*Collected data entries*.
(* For the base family under the $\mathbf{c}$-weighted MaxWeight algorithm with $\|\boldsymbol\sigma^{(\epsilon)}\|^2\le\widetilde\sigma^2$ for all $\epsilon$ (with $\widetilde\sigma$ independent of $\epsilon$), there exist $\nu'_{\min}>0$ and, for each $r\in\{1,2,\dots\}$, a constant $M_r$, depending only on $r,\widetilde\sigma,\boldsymbol\nu,A_{\max},\nu_{\min},\mathbf{c},n$ and not on $\epsilon$, such that for all $0<\epsilon\le\nu'_{\min}$, $$\mathbb{E}\big[\|\overline{Q}^{(\epsilon)}_{\perp\mathcal{K}_{\mathbf{c}}}\|_{\mathbf{c}}^r\big]\le (M_r)^r .$$
   Context: Fix $n\ge2$ and $\mathbf{c}=(c_{ij})$ with all $c_{ij}>0$. $\langle x,y\rangle_{\mathbf{c}}=\sum_{ij}c_{ij}x_{ij}y_{ij}$, $\|x\|_{\mathbf{c}}^2=\langle x,x\rangle_{\mathbf{c}}$. $\mathcal{P}$: $n\times n$ permutation matrices. $\mathcal{F}$: nonnegative $n\times n$ matrices with all row and column sums $1$. $\mathcal{K}_{\mathbf{c}}=\{x: x_{ij}=(w_i+\tilde w_j)/c_{ij},\ w,\tilde w\in\mathbb{R}_+^n\}$ (a closed convex cone); $x_{\parallel\mathcal{K}_{\mathbf{c}}}=\arg\min_{y\in\mathcal{K}_{\mathbf{c}}}\|x-y\|_{\mathbf{c}}$ and $x_{\perp\mathcal{K}_{\mathbf{c}}}=x-x_{\parallel\mathcal{K}_{\mathbf{c}}}$. Dynamics: $Q(t+1)=Q(t)+A(t)-S(t)+U(t)$, $U_{ij}(t)=\max(0,S_{ij}(t)-Q_{ij}(t)-A_{ij}(t))$; $\mathbf{c}$-weighted MaxWeight picks $S(t)\in\arg\max_{s\in\mathcal{P}}\langle Q(t),s\rangle_{\mathbf{c}}$, ties uniformly at random. Base family: for $0<\epsilon<1$, arrivals $A^{(\epsilon)}_{ij}(t)\in\{0,\dots,A_{\max}\}$ independent over $(i,j),t$, identically distributed in $t$, mean $(1-\epsilon)\boldsymbol\nu$ with $\boldsymbol\nu$ in the relative interior of $\mathcal{F}$, $\nu_{\min}=\min\nu_{ij}>0$, variance vector $(\boldsymbol\sigma^{(\epsilon)})^2$; the queue-length process converges in distribution to a steady-state vector $\overline{Q}^{(\epsilon)}$. *)

theory Defs
  imports "HOL-Analysis.Analysis" "HOL-Probability.Probability"
begin

text \<open>n x n matrices are indexed by a finite type 'n (n = CARD('n)).
  Real matrices: real^'n^'n; queue-length / arrival matrices: nat^'n^'n.\<close>

definition cinner :: "real^'n^'n \<Rightarrow> real^'n^'n \<Rightarrow> real^'n^'n \<Rightarrow> real" where
  "cinner c x y = (\<Sum>i\<in>UNIV. \<Sum>j\<in>UNIV. c$i$j * x$i$j * y$i$j)"

definition cnorm :: "real^'n^'n \<Rightarrow> real^'n^'n \<Rightarrow> real" where
  "cnorm c x = sqrt (cinner c x x)"

definition perm_matrices :: "(real^'n^'n) set" where
  "perm_matrices = {(\<chi> i j. if p i = j then 1 else 0) | p. p permutes (UNIV :: 'n set)}"

definition doubly_stochastic :: "(real^'n^'n) set" where
  "doubly_stochastic = {x. (\<forall>i j. 0 \<le> x$i$j) \<and> (\<forall>i. (\<Sum>j\<in>UNIV. x$i$j) = 1)
                                \<and> (\<forall>j. (\<Sum>i\<in>UNIV. x$i$j) = 1)}"

definition cone_K :: "real^'n^'n \<Rightarrow> (real^'n^'n) set" where
  "cone_K c = {x. \<exists>w w' :: real^'n. (\<forall>i. 0 \<le> w$i) \<and> (\<forall>j. 0 \<le> w'$j) \<and>
                   x = (\<chi> i j. (w$i + w'$j) / c$i$j)}"

definition proj_K :: "real^'n^'n \<Rightarrow> real^'n^'n \<Rightarrow> real^'n^'n" where
  "proj_K c x = (SOME y. y \<in> cone_K c \<and> (\<forall>z\<in>cone_K c. cnorm c (x - y) \<le> cnorm c (x - z)))"

definition perp_K :: "real^'n^'n \<Rightarrow> real^'n^'n \<Rightarrow> real^'n^'n" where
  "perp_K c x = x - proj_K c x"

definition realmat :: "nat^'n^'n \<Rightarrow> real^'n^'n" where
  "realmat Q = (\<chi> i j. real (Q$i$j))"

definition maxweight :: "real^'n^'n \<Rightarrow> nat^'n^'n \<Rightarrow> (real^'n^'n) pmf" where
  "maxweight c Q = pmf_of_set {s \<in> perm_matrices.
       \<forall>s'\<in>perm_matrices. cinner c (realmat Q) s' \<le> cinner c (realmat Q) s}"

definition arrivals :: "('n \<Rightarrow> 'n \<Rightarrow> nat pmf) \<Rightarrow> (nat^'n^'n) pmf" where
  "arrivals a = map_pmf (\<lambda>f. \<chi> i j. f (i, j)) (Pi_pmf UNIV 0 (\<lambda>(i, j). a i j))"

definition qstep :: "real^'n^'n \<Rightarrow> ('n \<Rightarrow> 'n \<Rightarrow> nat pmf) \<Rightarrow> nat^'n^'n \<Rightarrow> (nat^'n^'n) pmf" where
  "qstep c a Q = bind_pmf (arrivals a) (\<lambda>A. bind_pmf (maxweight c Q) (\<lambda>S.
      return_pmf (\<chi> i j. let q = real (Q$i$j); aa = real (A$i$j); s = S$i$j;
                             u = max 0 (s - q - aa)
                         in nat \<lfloor>q + aa - s + u\<rfloor>)))"

primrec qdist :: "real^'n^'n \<Rightarrow> ('n \<Rightarrow> 'n \<Rightarrow> nat pmf) \<Rightarrow> (nat^'n^'n) pmf \<Rightarrow> nat \<Rightarrow> (nat^'n^'n) pmf" where
  "qdist c a q0 0 = q0"
| "qdist c a q0 (Suc t) = bind_pmf (qdist c a q0 t) (qstep c a)"

end

theory Submission
  imports Defs
begin

text \<open>Write \<open>V(Q) = \<parallel>Q\<^sub>\<perp>\<parallel>\<^sub>c\<close>. Birkhoff's theorem shows that \<open>\<nu>\<close>, lying in the relative
  interior of the Birkhoff polytope, sees every permutation with weight at least \<open>\<eta>/n!\<close>; hence
  a small MaxWeight gap \<open>max\<^sub>s \<langle>Q, s\<rangle>\<^sub>c - \<langle>Q, \<nu>\<rangle>\<^sub>c\<close> forces every rectangle
  \<open>c\<^sub>i\<^sub>j Q\<^sub>i\<^sub>j + c\<^sub>k\<^sub>l Q\<^sub>k\<^sub>l - c\<^sub>i\<^sub>l Q\<^sub>i\<^sub>l - c\<^sub>k\<^sub>j Q\<^sub>k\<^sub>j\<close> to be small, so that
  \<open>c\<^sub>i\<^sub>j Q\<^sub>i\<^sub>j\<close> is close to a sum \<open>w\<^sub>i + w'\<^sub>j\<close>, i.e. Q is close to the cone:
  \<open>V(Q) \<le> K (gap)\<close>. Under MaxWeight the expected change of \<open>V\<^sup>2\<close> is at most twice the
  negative gap plus a constant, so V drifts down by a fixed amount once it is large, while its
  increments are bounded. Thus \<open>exp (\<theta> V)\<close> is a Lyapunov function with constants independent of
  \<open>\<epsilon>\<close> for small \<open>\<epsilon>\<close>, the limit law is stationary, and the resulting bound on
  \<open>E exp (\<theta> V)\<close> gives all moments through \<open>x\<^sup>r \<le> r! \<theta>\<^sup>-\<^sup>r e\<^sup>\<theta>\<^sup>x\<close>.\<close>

section \<open>The weighted inner product\<close>

definition cscale :: "real^'n^'n \<Rightarrow> real^'n^'n \<Rightarrow> real^'n^'n" where
  "cscale c x = (\<chi> i j. sqrt (c$i$j) * x$i$j)"

lemma cscale_diff: "cscale c (x - y) = cscale c x - cscale c y"
  by (simp add: cscale_def vec_eq_iff algebra_simps)

lemma cscale_add: "cscale c (x + y) = cscale c x + cscale c y"
  by (simp add: cscale_def vec_eq_iff algebra_simps)

lemma entry_le_double_sum:
  fixes f :: "'a::finite \<Rightarrow> 'b::finite \<Rightarrow> real"
  assumes "\<And>i j. 0 \<le> f i j"
  shows "f i j \<le> (\<Sum>i\<in>UNIV. \<Sum>j\<in>UNIV. f i j)"
proof -
  have "f i j \<le> (\<Sum>j\<in>UNIV. f i j)" by (rule member_le_sum) (auto intro: assms)
  also have "\<dots> \<le> (\<Sum>i\<in>UNIV. \<Sum>j\<in>UNIV. f i j)"
    by (rule member_le_sum[where f = "\<lambda>i. \<Sum>j\<in>UNIV. f i j"]) (auto intro!: sum_nonneg assms)
  finally show ?thesis .
qed

context
  fixes c :: "real^'n::finite^'n"
  assumes cpos: "\<forall>i j. 0 < c$i$j"
begin

lemma cinner_eq_inner_cscale: "cinner c x y = inner (cscale c x) (cscale c y)"
proof -
  have entry: "sqrt (c$i$j) * x$i$j * (sqrt (c$i$j) * y$i$j) = c$i$j * x$i$j * y$i$j" for i j
  proof -
    have "sqrt (c$i$j) * sqrt (c$i$j) = c$i$j" using cpos by (simp add: less_imp_le)
    then show ?thesis by (metis mult.assoc mult.commute)
  qed
  show ?thesis
    unfolding cinner_def cscale_def inner_vec_def by (simp add: entry)
qed

lemma cnorm_eq_norm_cscale: "cnorm c x = norm (cscale c x)"
  by (simp add: cnorm_def cinner_eq_inner_cscale norm_eq_sqrt_inner)

lemma cnorm_nonneg: "0 \<le> cnorm c x"
  by (simp add: cnorm_eq_norm_cscale)

lemma cnorm_triangle: "cnorm c (x + y) \<le> cnorm c x + cnorm c y"
  using norm_triangle_ineq by (simp add: cnorm_eq_norm_cscale cscale_add)

lemma cnorm_minus_commute: "cnorm c (x - y) = cnorm c (y - x)"
  using norm_minus_commute by (simp add: cnorm_eq_norm_cscale cscale_diff)

lemma cnorm_power2: "(cnorm c x)^2 = cinner c x x"
  by (simp add: cnorm_eq_norm_cscale cinner_eq_inner_cscale power2_norm_eq_inner)

lemma cinner_Cauchy_Schwarz: "\<bar>cinner c x y\<bar> \<le> cnorm c x * cnorm c y"
  using Cauchy_Schwarz_ineq2 by (simp add: cinner_eq_inner_cscale cnorm_eq_norm_cscale)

*Exercise requirements*. Return word for word the lines above from the line with "negative gap plus" to the line with "increments are bounded.", including both and leaving out all others.

*Response to the task*.
  negative gap plus a constant, so V drifts down by a fixed amount once it is large, while its
  increments are bounded. Thus \<open>exp (\<theta> V)\<close> is a Lyapunov function with constants independent of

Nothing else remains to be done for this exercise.